The program, which will conduct pilot testing in Michigan and Pennsylvania starting next month, has continually raised privacy concerns since it was first announced. The online ID proposed for the program has been dubbed the “driver’s license for the Internet.” It seeks to provide people with an easy way to prove who they are online, allowing government agencies to offer faster and more secure services.
“The National Strategy for Trusted Identities in Cyberspace charts a course for the public and private sectors to collaborate to raise the level of trust associated with the identities of individuals, organizations, networks, services, and devices involved in online transactions,” the White House plan reads.
In Michigan, the state’s Department of Human Services will conduct the pilot test in connection with the Bridges program, an eligibility system for online registration of citizens applying for public assistance. With the NSTIC in place, the state will stop requiring all public assistance applicants from appearing in person for identity verification.

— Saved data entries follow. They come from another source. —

lemma
  fixes f :: "real^3 \<Rightarrow> real"
  assumes "open D" "\<And>x. x \<in> D \<Longrightarrow> C1_at f x"
    and vanish: "\<And>x. x \<notin> D \<Longrightarrow> \<exists>U. open U \<and> x \<in> U \<and> (\<forall>z\<in>U \<inter> D. f z = 0)"
  shows C1_at_zero_extension: "C1_at (\<lambda>z. if z \<in> D then f z else 0) x"
    and pd_zero_extension: "pd i (\<lambda>z. if z \<in> D then f z else 0) x = (if x \<in> D then pd i f x else 0)"
proof -
  have "C1_at (\<lambda>z. if z \<in> D then f z else 0) x \<and>
      pd i (\<lambda>z. if z \<in> D then f z else 0) x = (if x \<in> D then pd i f x else 0)"
  proof (cases "x \<in> D")
    case True
    have "C1_at (\<lambda>z. if z \<in> D then f z else 0) x"
      by (rule C1_at_cong[OF assms(1) True _ assms(2)[OF True]]) simp
    moreover have "pd i (\<lambda>z. if z \<in> D then f z else 0) x = pd i f x"
      by (rule pd_cong_open[OF assms(1) True]) simp
    ultimately show ?thesis
      using True by simp
  next
    case False
    then obtain U where U: "open U" "x \<in> U" "\<forall>z\<in>U \<inter> D. f z = 0"
      using vanish by blast
    then have "\<forall>z\<in>U. (if z \<in> D then f z else 0) = 0"
      by auto
    then show ?thesis
      using C1_at_eq_0_open[OF U(1,2)] pd_eq_0_open[OF U(1,2)] False by simp
  qed
  then show "C1_at (\<lambda>z. if z \<in> D then f z else 0) x"
    and "pd i (\<lambda>z. if z \<in> D then f z else 0) x = (if x \<in> D then pd i f x else 0)"
    by auto
qed

lemma continuous_on_C1_at: "(\<And>x. x \<in> S \<Longrightarrow> C1_at f x) \<Longrightarrow> continuous_on S f"
  by (simp add: C1_at_isCont continuous_at_imp_continuous_on)

lemma continuous_on_pd_C1_at: "(\<And>x. x \<in> S \<Longrightarrow> C1_at f x) \<Longrightarrow> continuous_on S (pd i f)"
  by (simp add: C1_at_isCont_pd continuous_at_imp_continuous_on)

lemma pd_const: "pd i (\<lambda>y. c) x = 0"
  using pd_eq_derivative[OF has_derivative_const] by simp

lemma pd_add:
  assumes "f differentiable at x" "g differentiable at x"
  shows "pd i (\<lambda>y. f y + g y) x = pd i f x + pd i g x"
  using pd_eq_derivative[OF has_derivative_add[OF assms[unfolded frechet_derivative_works]]]
  by (simp add: pd_def)

lemma pd_diff:
  assumes "f differentiable at x" "g differentiable at x"
  shows "pd i (\<lambda>y. f y - g y) x = pd i f x - pd i g x"
  using pd_eq_derivative[OF has_derivative_diff[OF assms[unfolded frechet_derivative_works]]]
  by (simp add: pd_def)

lemma pd_mult:
  assumes "f differentiable at x" "g differentiable at x"
  shows "pd i (\<lambda>y. f y * g y) x = f x * pd i g x + pd i f x * g x"
  using pd_eq_derivative[OF has_derivative_mult[OF assms[unfolded frechet_derivative_works]]]
  by (simp add: pd_def)

lemma pd_sum:
  assumes "finite A" "\<And>k. k \<in> A \<Longrightarrow> f k differentiable at x"
  shows "pd i (\<lambda>y. \<Sum>k\<in>A. f k y) x = (\<Sum>k\<in>A. pd i (f k) x)"
proof -
  have "((\<lambda>y. \<Sum>k\<in>A. f k y) has_derivative (\<lambda>v. \<Sum>k\<in>A. frechet_derivative (f k) (at x) v)) (at x)"
    using assms(2) frechet_derivative_works by (intro has_derivative_sum) blast
  from pd_eq_derivative[OF this] show ?thesis
    by (simp add: pd_def)
qed

lemma pd_compose:
  fixes h :: "real \<Rightarrow> real"
  assumes "f differentiable at x" "(h has_real_derivative d) (at (f x))"
  shows "pd i (\<lambda>y. h (f y)) x = d * pd i f x"
  using pd_eq_derivative[OF has_derivative_compose[OF assms(1)[unfolded frechet_derivative_works]
        assms(2)[unfolded has_field_derivative_def]]]
  by (simp add: pd_def)

lemma Ck_on_1_iff_C1_at: "open S \<Longrightarrow> Ck_on 1 S f \<longleftrightarrow> (\<forall>x\<in>S. C1_at f x)"
  by (auto simp: C1_at_def differentiable_on_eq_differentiable_at continuous_on_eq_continuous_at)

lemma Ck_on_Suc_imp_Ck_on: "Ck_on (Suc k) S f \<Longrightarrow> Ck_on k S f"
proof (induction k arbitrary: f)
  case 0
  then show ?case by (simp add: differentiable_imp_continuous_on)
next
  case (Suc k)
  then show ?case by simp
qed

lemma smooth_pd: "smooth f \<Longrightarrow> smooth (pd i f)"
  unfolding smooth_def by (metis Ck_on.simps(2))

lemma smooth_imp_C1_at: "smooth f \<Longrightarrow> C1_at f x"
  using Ck_on_1_iff_C1_at[of UNIV f] unfolding smooth_def by blast
lemma nn_integral_exp_inner_gaussian:
  fixes Z :: "'w \<Rightarrow> 'a::euclidean_space"
  assumes Z: "distributed M lborel Z (\<lambda>v. ennreal (gauss_dens s v))" and s: "s > 0"
  shows "(\<integral>\<^sup>+ v. ennreal (exp (- lam * (v \<bullet> u))) \<partial>distr M borel Z)
    = ennreal (exp (lam\<^sup>2 * s\<^sup>2 * (norm u)\<^sup>2 / 2))"
  unfolding distr_borel_eq_density[OF Z]
  using nn_integral_gauss_dens_exp_inner[OF s, of lam u] by (subst nn_integral_density) simp_all

section \<open>Independent noise\<close>

lemma (in prob_space) nn_integral_indep_var_pair:
  assumes I: "indep_var borel X borel Z"
    and H: "H \<in> borel_measurable (borel \<Otimes>\<^sub>M borel)"
  shows "(\<integral>\<^sup>+ w. H (X w, Z w) \<partial>M) = (\<integral>\<^sup>+ w. (\<integral>\<^sup>+ v. H (X w, v) \<partial>distr M borel Z) \<partial>M)"
proof -
  have X: "X \<in> borel_measurable M" and Z: "Z \<in> borel_measurable M"
    using indep_var_rv1[OF I] indep_var_rv2[OF I] by auto
  interpret Z: prob_space "distr M borel Z" by (rule prob_space_distr[OF Z])
  have H_XZ: "H \<in> borel_measurable (distr M borel X \<Otimes>\<^sub>M distr M borel Z)"
    using H by (simp cong: measurable_cong_sets[OF sets_pair_measure_cong[OF sets_distr sets_distr] refl])
  have "H \<in> borel_measurable (borel \<Otimes>\<^sub>M distr M borel Z)"
    using H by (simp cong: measurable_cong_sets[OF sets_pair_measure_cong[OF refl sets_distr] refl])
  then have inner: "(\<lambda>a. \<integral>\<^sup>+ v. H (a, v) \<partial>distr M borel Z) \<in> borel_measurable borel"
    by (rule Z.borel_measurable_nn_integral_fst)
  have "(\<integral>\<^sup>+ w. H (X w, Z w) \<partial>M) = integral\<^sup>N (distr M (borel \<Otimes>\<^sub>M borel) (\<lambda>w. (X w, Z w))) H"
    using X Z H by (subst nn_integral_distr) (auto intro: measurable_Pair)
  also have "\<dots> = integral\<^sup>N (distr M borel X \<Otimes>\<^sub>M distr M borel Z) H"
    using I by (simp add: indep_var_distribution_eq)
  also have "\<dots> = (\<integral>\<^sup>+ a. \<integral>\<^sup>+ v. H (a, v) \<partial>distr M borel Z \<partial>distr M borel X)"
    by (rule Z.nn_integral_fst[OF H_XZ, symmetric])
  also have "\<dots> = (\<integral>\<^sup>+ w. (\<integral>\<^sup>+ v. H (X w, v) \<partial>distr M borel Z) \<partial>M)"
    using X inner by (subst nn_integral_distr) auto
  finally show ?thesis .
qed

lemma (in prob_space) AE_add_indep_density_notin_null_set:
  fixes X Z :: "'a \<Rightarrow> 'b::euclidean_space"
  assumes I: "indep_var borel X borel Z" and Z: "distributed M lborel Z g"
    and N: "N \<in> null_sets lborel" and G: "G \<in> borel_measurable borel"
  shows "AE w in M. G (X w) + Z w \<notin> N"
proof -
  have X: "X \<in> borel_measurable M" and Zm: "Z \<in> borel_measurable M"
    using indep_var_rv1[OF I] indep_var_rv2[OF I] by auto
  have [measurable]: "N \<in> sets borel" using N by (auto simp: null_sets_def)
  note [measurable] = G X Zm
  have translate_null: "(\<integral>\<^sup>+ v. indicator N (y + v) \<partial>distr M borel Z) = 0" for y :: 'b
  proof -
    have "{v. v - (- y) \<in> N} \<in> null_sets lborel"
      by (rule null_sets_translation[OF N])
    then have "AE v in lborel. g v * indicator N (y + v) = 0"
      by (rule AE_not_in[THEN AE_mp]) (simp add: add.commute)
    then show ?thesis
      unfolding distr_borel_eq_density[OF Z]
      using distributed_borel_measurable[OF Z]
      by (subst nn_integral_density) (auto simp: nn_integral_0_iff_AE)
  qed
  have "(\<integral>\<^sup>+ w. indicator N (G (X w) + Z w) \<partial>M) =
      (\<integral>\<^sup>+ w. (\<integral>\<^sup>+ v. indicator N (G (X w) + v) \<partial>distr M borel Z) \<partial>M)"
    by (intro nn_integral_indep_var_pair[OF I, where H="\<lambda>p. indicator N (G (fst p) + snd p)",
        simplified]) measurable
  also have "\<dots> = 0"
    by (simp add: translate_null)
  finally have "AE w in M. (indicator N (G (X w) + Z w) :: ennreal) = 0"
    by (subst (asm) nn_integral_0_iff_AE) measurable
  then show ?thesis
    by eventually_elim (simp add: indicator_eq_0_iff)
qed

primrec gd_iterate :: "real \<Rightarrow> ('a::euclidean_space \<Rightarrow> 'a) \<Rightarrow> 'a \<Rightarrow> nat \<Rightarrow> (nat \<Rightarrow> 'a) \<Rightarrow> 'a" where
  "gd_iterate eta F x0 0 noise = x0"
| "gd_iterate eta F x0 (Suc k) noise =
    gd_iterate eta F x0 k noise - eta *\<^sub>R F (gd_iterate eta F x0 k noise) + noise (Suc k)"

lemma gd_iterate_measurable:
  assumes F: "F \<in> borel_measurable borel" and "k \<le> n"
  shows "gd_iterate eta F x0 k \<in> borel_measurable (Pi\<^sub>M {1..n} (\<lambda>_. borel))"
  using \<open>k \<le> n\<close>
proof (induction k)
  case 0
  have "gd_iterate eta F x0 0 = (\<lambda>_. x0)" by (rule ext) simp
  then show ?case by simp
next
  case (Suc k)
  then have "(\<lambda>f. f (Suc k)) \<in> borel_measurable (Pi\<^sub>M {1..n} (\<lambda>_. borel))"
    by (intro measurable_component_singleton) auto
  with Suc F show ?case
    using measurable_compose[of "gd_iterate eta F x0 k" _ borel F] by (simp add: comp_def)
qed

lemma gd_iterate_cong:
  "(\<And>i. i \<in> {1..k} \<Longrightarrow> f i = g i) \<Longrightarrow> gd_iterate eta F x0 k f = gd_iterate eta F x0 k g"
  by (induction k) auto

lemma (in prob_space) indep_var_gd_iterate_noise:
  fixes z :: "nat \<Rightarrow> 'a \<Rightarrow> 'b::euclidean_space"
  assumes z: "indep_vars (\<lambda>_. borel) z {1..}" and F: "F \<in> borel_measurable borel"
  shows "indep_var borel (\<lambda>w. gd_iterate eta F x0 k (\<lambda>i. z i w)) borel (z (Suc k))"
proof -
  have "indep_var (Pi\<^sub>M {1..k} (\<lambda>_. borel)) (\<lambda>w. restrict (\<lambda>i. z i w) {1..k})
      (Pi\<^sub>M {Suc k} (\<lambda>_. borel)) (\<lambda>w. restrict (\<lambda>i. z i w) {Suc k})"
    by (rule indep_var_restrict[OF z]) auto
  then have "indep_var borel (gd_iterate eta F x0 k \<circ> (\<lambda>w. restrict (\<lambda>i. z i w) {1..k}))
      borel ((\<lambda>f. f (Suc k)) \<circ> (\<lambda>w. restrict (\<lambda>i. z i w) {Suc k}))"
    by (rule indep_var_compose[OF _ gd_iterate_measurable[OF F order_refl] measurable_component_singleton]) simp
  moreover have "gd_iterate eta F x0 k \<circ> (\<lambda>w. restrict (\<lambda>i. z i w) {1..k}) =
      (\<lambda>w. gd_iterate eta F x0 k (\<lambda>i. z i w))"
    by (auto simp: fun_eq_iff intro!: gd_iterate_cong)
  ultimately show ?thesis
    by (simp add: comp_def)
qed

lemma (in prob_space) AE_gd_iterate_notin_null_set:
  fixes z :: "nat \<Rightarrow> 'a \<Rightarrow> 'b::euclidean_space"
  assumes z: "indep_vars (\<lambda>_. borel) z {1..}"
    and Z: "distributed M lborel (z (Suc k)) g"
    and F: "F \<in> borel_measurable borel" and N: "N \<in> null_sets lborel"
  shows "AE w in M. gd_iterate eta F x0 (Suc k) (\<lambda>i. z i w) \<notin> N"
  using AE_add_indep_density_notin_null_set[OF indep_var_gd_iterate_noise[OF z F] Z N,
      of "\<lambda>y. y - eta *\<^sub>R F y"] F
  by simp measurable

section \<open>Laplace transform of the iterates\<close>

lemma (in prob_space) nn_integral_exp_neg_norm_step:
  fixes X Y Z :: "'a \<Rightarrow> 'b::euclidean_space"
  assumes I: "indep_var borel X borel Z"
    and Z: "distributed M lborel Z (\<lambda>v. ennreal (gauss_dens s v))" and s: "s > 0"
    and dom: "AE w in M. q * norm (X w) + b + Z w \<bullet> sgn (X w) \<le> norm (Y w)"
    and lam: "0 \<le> lam"
  shows "(\<integral>\<^sup>+ w. ennreal (exp (- lam * norm (Y w))) \<partial>M)
    \<le> ennreal (exp (- lam * b + lam\<^sup>2 * s\<^sup>2 / 2)) * (\<integral>\<^sup>+ w. ennreal (exp (- (q * lam) * norm (X w))) \<partial>M)"
proof -
  have [measurable]: "X \<in> borel_measurable M"
    using indep_var_rv1[OF I] by simp
  define K where "K y = - lam * (q * norm y + b)" for y :: 'b
  define H where "H p = ennreal (exp (K (fst p) - lam * (snd p \<bullet> sgn (fst p))))" for p :: "'b \<times> 'b"
  have [measurable]: "H \<in> borel_measurable (borel \<Otimes>\<^sub>M borel)"
    unfolding H_def K_def by measurable
  have "(\<integral>\<^sup>+ w. ennreal (exp (- lam * norm (Y w))) \<partial>M) \<le> (\<integral>\<^sup>+ w. H (X w, Z w) \<partial>M)"
    using dom
  proof (intro nn_integral_mono_AE, elim eventually_mono)
    fix w assume "q * norm (X w) + b + Z w \<bullet> sgn (X w) \<le> norm (Y w)"
    then have "lam * (q * norm (X w) + b + Z w \<bullet> sgn (X w)) \<le> lam * norm (Y w)"
      using lam by (rule mult_left_mono)
    then show "ennreal (exp (- lam * norm (Y w))) \<le> H (X w, Z w)"
      by (simp add: H_def K_def algebra_simps)
  qed
  also have "\<dots> = (\<integral>\<^sup>+ w. (\<integral>\<^sup>+ v. H (X w, v) \<partial>distr M borel Z) \<partial>M)"
    by (rule nn_integral_indep_var_pair[OF I]) measurable
  also have "\<dots> \<le> (\<integral>\<^sup>+ w. ennreal (exp (K (X w))) * ennreal (exp (lam\<^sup>2 * s\<^sup>2 / 2)) \<partial>M)"
  proof (rule nn_integral_mono)
    fix w
    have "(\<integral>\<^sup>+ v. H (X w, v) \<partial>distr M borel Z)
        = ennreal (exp (K (X w))) * (\<integral>\<^sup>+ v. ennreal (exp (- lam * (v \<bullet> sgn (X w)))) \<partial>distr M borel Z)"
      by (subst nn_integral_cmult[symmetric])
        (simp_all add: H_def exp_diff exp_minus ennreal_mult[symmetric] field_simps)
    also have "\<dots> = ennreal (exp (K (X w))) * ennreal (exp (lam\<^sup>2 * s\<^sup>2 * (norm (sgn (X w)))\<^sup>2 / 2))"
      by (simp only: nn_integral_exp_inner_gaussian[OF Z s])
    also have "\<dots> \<le> ennreal (exp (K (X w))) * ennreal (exp (lam\<^sup>2 * s\<^sup>2 / 2))"
      by (intro mult_left_mono ennreal_leI) (simp_all add: norm_sgn)
    finally show "(\<integral>\<^sup>+ v. H (X w, v) \<partial>distr M borel Z) \<le> \<dots>" .
  qed
  also have "\<dots> = (\<integral>\<^sup>+ w. ennreal (exp (- lam * b + lam\<^sup>2 * s\<^sup>2 / 2)) *
      ennreal (exp (- (q * lam) * norm (X w))) \<partial>M)"
    by (intro nn_integral_cong)
      (simp add: K_def ennreal_mult[symmetric] exp_add[symmetric] algebra_simps)
  also have "\<dots> = ennreal (exp (- lam * b + lam\<^sup>2 * s\<^sup>2 / 2)) *
      (\<integral>\<^sup>+ w. ennreal (exp (- (q * lam) * norm (X w))) \<partial>M)"
    by (rule nn_integral_cmult) measurable
  finally show ?thesis .
qed

lemma laplace_transform_iterate_le:
  fixes m :: "nat \<Rightarrow> real \<Rightarrow> ennreal"
  assumes step: "\<And>k lam. 0 \<le> lam \<Longrightarrow> m (Suc k) lam \<le> ennreal (exp (- lam * b + lam\<^sup>2 * v)) * m k (q * lam)"
    and init: "\<And>lam. 0 \<le> lam \<Longrightarrow> m 0 lam \<le> 1"
    and q: "0 \<le> q" and lam: "0 \<le> lam"
  shows "m j lam \<le> ennreal (exp (- lam * b * (\<Sum>i<j. q ^ i) + lam\<^sup>2 * v * (\<Sum>i<j. (q\<^sup>2) ^ i)))"
  using lam
proof (induction j arbitrary: lam)
  case (Suc j)
  have "m (Suc j) lam \<le> ennreal (exp (- lam * b + lam\<^sup>2 * v)) * m j (q * lam)"
    using step Suc.prems .
  also have "\<dots> \<le> ennreal (exp (- lam * b + lam\<^sup>2 * v)) *
      ennreal (exp (- (q * lam) * b * (\<Sum>i<j. q ^ i) + (q * lam)\<^sup>2 * v * (\<Sum>i<j. (q\<^sup>2) ^ i)))"
    using Suc q by (intro mult_left_mono) auto
  also have "\<dots> = ennreal (exp (- lam * b * (\<Sum>i<Suc j. q ^ i) + lam\<^sup>2 * v * (\<Sum>i<Suc j. (q\<^sup>2) ^ i)))"
    by (simp add: ennreal_mult[symmetric] exp_add[symmetric] sum.lessThan_Suc_shift sum_distrib_left
        power_mult_distrib sum_negf algebra_simps del: sum.lessThan_Suc)
  finally show ?case .
qed (simp add: init)

lemma (in prob_space) gd_iterate_laplace_le_geometric:
  fixes z :: "nat \<Rightarrow> 'a \<Rightarrow> 'b::euclidean_space" and F :: "'b \<Rightarrow> 'b"
    and d :: nat and eta c sigma lam :: real
  defines "q \<equiv> 1 - eta - eta * c" and "b \<equiv> eta * (cos ((gfun ^^ d) pi) - c)"
  assumes e: "e \<in> Basis" and "0 < eta" "0 \<le> c" "0 \<le> q" "sigma > 0"
    and F: "F \<in> borel_measurable borel"
    and F_close: "\<And>y v. (Lfun d e has_derivative (\<lambda>h. v \<bullet> h)) (at y) \<Longrightarrow>
                   norm (F y - v) \<le> c * (norm y + 1)"
    and z_indep: "indep_vars (\<lambda>_. borel) z {1..}"
    and z_gauss: "\<And>k. k \<ge> 1 \<Longrightarrow> distributed M lborel (z k) (\<lambda>v. ennreal (gauss_dens sigma v))"
    and "0 \<le> lam"
  shows "(\<integral>\<^sup>+ w. ennreal (exp (- lam * norm (gd_iterate eta F x0 (Suc j) (\<lambda>i. z i w)))) \<partial>M)
    \<le> ennreal (exp (- lam * b * (\<Sum>i<j. q ^ i) + lam\<^sup>2 * (sigma\<^sup>2 / 2) * (\<Sum>i<j. (q\<^sup>2) ^ i)))"
proof -
  define x where "x k w = gd_iterate eta F x0 k (\<lambda>i. z i w)" for k w
  have indep: "indep_var borel (x k) borel (z (Suc k))" for k
    unfolding x_def[abs_def] using indep_var_gd_iterate_noise[OF z_indep F] .
  have gauss: "distributed M lborel (z (Suc k)) (\<lambda>v. ennreal (gauss_dens sigma v))" for k
    using z_gauss by simp
  have off_axis: "AE w in M. x (Suc k) w \<notin> axis_set e" for k
    unfolding x_def using AE_gd_iterate_notin_null_set[OF z_indep gauss F axis_set_null[OF e]] .
  have "(\<integral>\<^sup>+ w. ennreal (exp (- lam * norm (x (Suc (Suc k)) w))) \<partial>M)
      \<le> ennreal (exp (- lam * b + lam\<^sup>2 * (sigma\<^sup>2 / 2))) * (\<integral>\<^sup>+ w. ennreal (exp (- (q * lam) * norm (x (Suc k) w))) \<partial>M)"
    if "0 \<le> lam" for k lam
  proof -
    have "AE w in M. q * norm (x (Suc k) w) + b + z (Suc (Suc k)) w \<bullet> sgn (x (Suc k) w) \<le> norm (x (Suc (Suc k)) w)"
      using off_axis[of k] norm_gradient_step_ge[OF e _ F_close \<open>0 \<le> c\<close> \<open>0 < eta\<close>]
      by (auto simp: x_def q_def b_def elim!: eventually_mono)
    from nn_integral_exp_neg_norm_step[OF indep gauss \<open>sigma > 0\<close> this that]
    show ?thesis by simp
  qed
  \<comment> \<open>The recursion starts at \<open>x\<^sub>1\<close>: \<open>x\<^sub>0\<close> may lie on the axis, where the step bound is unavailable.\<close>
  moreover have "(\<integral>\<^sup>+ w. ennreal (exp (- lam * norm (x (Suc 0) w))) \<partial>M) \<le> 1" if "0 \<le> lam" for lam
  proof -
    have "(\<integral>\<^sup>+ w. ennreal (exp (- lam * norm (x (Suc 0) w))) \<partial>M) \<le> (\<integral>\<^sup>+ w. 1 \<partial>M)"
      using that by (intro nn_integral_mono) auto
    then show ?thesis by (simp add: emeasure_space_1)
  qed
  ultimately have "(\<integral>\<^sup>+ w. ennreal (exp (- lam * norm (x (Suc j) w))) \<partial>M)
    \<le> ennreal (exp (- lam * b * (\<Sum>i<j. q ^ i) + lam\<^sup>2 * (sigma\<^sup>2 / 2) * (\<Sum>i<j. (q\<^sup>2) ^ i)))"
    using \<open>0 \<le> q\<close> \<open>0 \<le> lam\<close>
    by (rule laplace_transform_iterate_le[where m="\<lambda>k lam. \<integral>\<^sup>+ w. ennreal (exp (- lam * norm (x (Suc k) w))) \<partial>M"])
  then show ?thesis unfolding x_def .
qed
lemma measure_lattice_cubes_le:
  assumes "1 \<le> p" "0 \<le> \<delta>"
  shows "measure lebesgue (lattice_cubes p \<delta> :: (real^'n) set) \<le> (4 * \<delta>) ^ CARD('n)"
proof -
  have p: "real_of_int p \<ge> 1" using assms(1) by simp
  let ?J = "(UNIV::'n set) \<rightarrow>\<^sub>E {0..nat p}"
  let ?cube = "\<lambda>j. cbox (\<chi> i. real (j i) / p - \<delta> / p) (\<chi> i. real (j i) / p + \<delta> / p) :: (real^'n) set"
  have cube: "measure lebesgue (?cube j) = (2 * (\<delta> / p)) ^ CARD('n)" for j
    using assms by (intro measure_cube_cart) simp
  have "measure lebesgue (lattice_cubes p \<delta> :: (real^'n) set) \<le> (\<Sum>j\<in>?J. measure lebesgue (?cube j))"
    unfolding lattice_cubes_def by (rule measure_UNION_le) (auto intro: finite_PiE)
  also have "\<dots> = (\<Sum>j\<in>?J. (2 * (\<delta> / p)) ^ CARD('n))"
    by (simp only: cube)
  also have "\<dots> = real (card ?J) * (2 * (\<delta> / p)) ^ CARD('n)"
    by simp
  also have "real (card ?J) = (real_of_int p + 1) ^ CARD('n)"
    using assms(1) by (simp add: card_PiE add.commute)
  also have "\<dots> * (2 * (\<delta> / p)) ^ CARD('n) = ((real_of_int p + 1) * (2 * (\<delta> / p))) ^ CARD('n)"
    by (rule power_mult_distrib[symmetric])
  also have "\<dots> \<le> (4 * \<delta>) ^ CARD('n)"
  proof (rule power_mono)
    have "(real_of_int p + 1) * (2 * (\<delta> / p)) = 2 * \<delta> + 2 * (\<delta> / p)"
      using p by (simp add: field_simps)
    also have "\<delta> / p \<le> \<delta>"
      using p assms(2) by (simp add: divide_le_eq mult_le_cancel_left1)
    finally show "(real_of_int p + 1) * (2 * (\<delta> / p)) \<le> 4 * \<delta>" by simp
  qed (use assms p in simp)
  finally show ?thesis .
qed

lemma lattice_cubes_cover:
  assumes "1 \<le> p" "\<delta> < 1" "y \<in> cbox 0 (1::real^'n)" "\<forall>i. dist_int (of_int p * y$i) \<le> \<delta>"
  shows "y \<in> lattice_cubes p \<delta>"
proof -
  obtain k where k: "\<And>i. \<bar>of_int p * y$i - of_int (k i)\<bar> \<le> \<delta>"
    using assms(4) unfolding dist_int_le_iff by metis
  have p: "real_of_int p > 0" using assms(1) by simp
  have py: "0 \<le> of_int p * y$i" "of_int p * y$i \<le> of_int p" for i
    using assms(1,3) by (auto simp: mem_box_cart mult_left_le)
  have k_range: "0 \<le> k i \<and> k i \<le> p" for i
  proof -
    have "real_of_int (-1) < of_int (k i)" "real_of_int (k i) < of_int (p + 1)"
      using py[of i] k[of i] assms(2) unfolding abs_le_iff by simp_all
    then show ?thesis unfolding of_int_less_iff by linarith
  qed
  then have "(\<lambda>i. nat (k i)) \<in> (UNIV \<rightarrow>\<^sub>E {0..nat p})"
    by (auto simp: nat_mono)
  moreover have "(of_int (k i) - \<delta>) / p \<le> y$i \<and> y$i \<le> (of_int (k i) + \<delta>) / p" for i
  proof -
    have "of_int (k i) - \<delta> \<le> y$i * p" "y$i * p \<le> of_int (k i) + \<delta>"
      using k[of i] unfolding abs_le_iff by (simp_all add: mult.commute)
    then show ?thesis using p by (simp add: divide_le_eq le_divide_eq)
  qed
  then have "y \<in> cbox (\<chi> i. real (nat (k i)) / p - \<delta> / p) (\<chi> i. real (nat (k i)) / p + \<delta> / p)"
    using k_range by (simp add: mem_box_cart diff_divide_distrib add_divide_distrib)
  ultimately show ?thesis unfolding lattice_cubes_def by blast
qed

lemma measure_unit_cube_Diff_ge:
  assumes "U \<in> fmeasurable lebesgue"
  shows "measure lebesgue (cbox 0 (1::real^'n) - U) \<ge> 1 - measure lebesgue U"
proof -
  have "(0::real^'n) \<in> cbox 0 1" by (simp add: mem_box_cart)
  then have "cbox 0 (1::real^'n) \<noteq> {}" by blast
  then have "measure lebesgue (cbox 0 (1::real^'n)) = 1"
    by (simp add: content_cbox_cart)
  moreover have "measure lebesgue (cbox 0 (1::real^'n)) - measure lebesgue U \<le> measure lebesgue (cbox 0 1 - U)"
    using assms by (intro measure_diff_le_measure_setdiff) simp_all
  ultimately show ?thesis by linarith
qed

In Pennsylvania, the NSTIC will provide residents with new IDs for conducting online transactions with government agencies such as the Public Welfare and Health departments. People would only need to sign up once for the program.
While the pilot tests only involves government agencies, the plan is to expand beyond, with the ID system becoming a requirement for most kinds of online transactions. “The private sector will lead the development of this Identity ecosystem, and it will own and operate the vast majority of the services within it. The Identity Ecosystem should be market-driven, and it should provide a foundation for the development of new and innovative services,” the White House said.
Not surprisingly, such a wide-reaching plan has raised concerns among privacy groups. In response to the release of the program’s first draft, the ACLU said: “While there are certainly many security problems on the Internet, the world is getting along fine without an online identity “ecosystem” and nothing should be considered that threatens these values. Certainly anything that resembles a national identity system or a ‘driver’s license for the Internet’ must be vehemently opposed.”
Why this is being pushed now, while people are becoming increasingly wary of NSA surveillance, is anybody’s guess. However, this doesn’t come as much of a surprise since the government continually stumbles when it comes to Internet PR.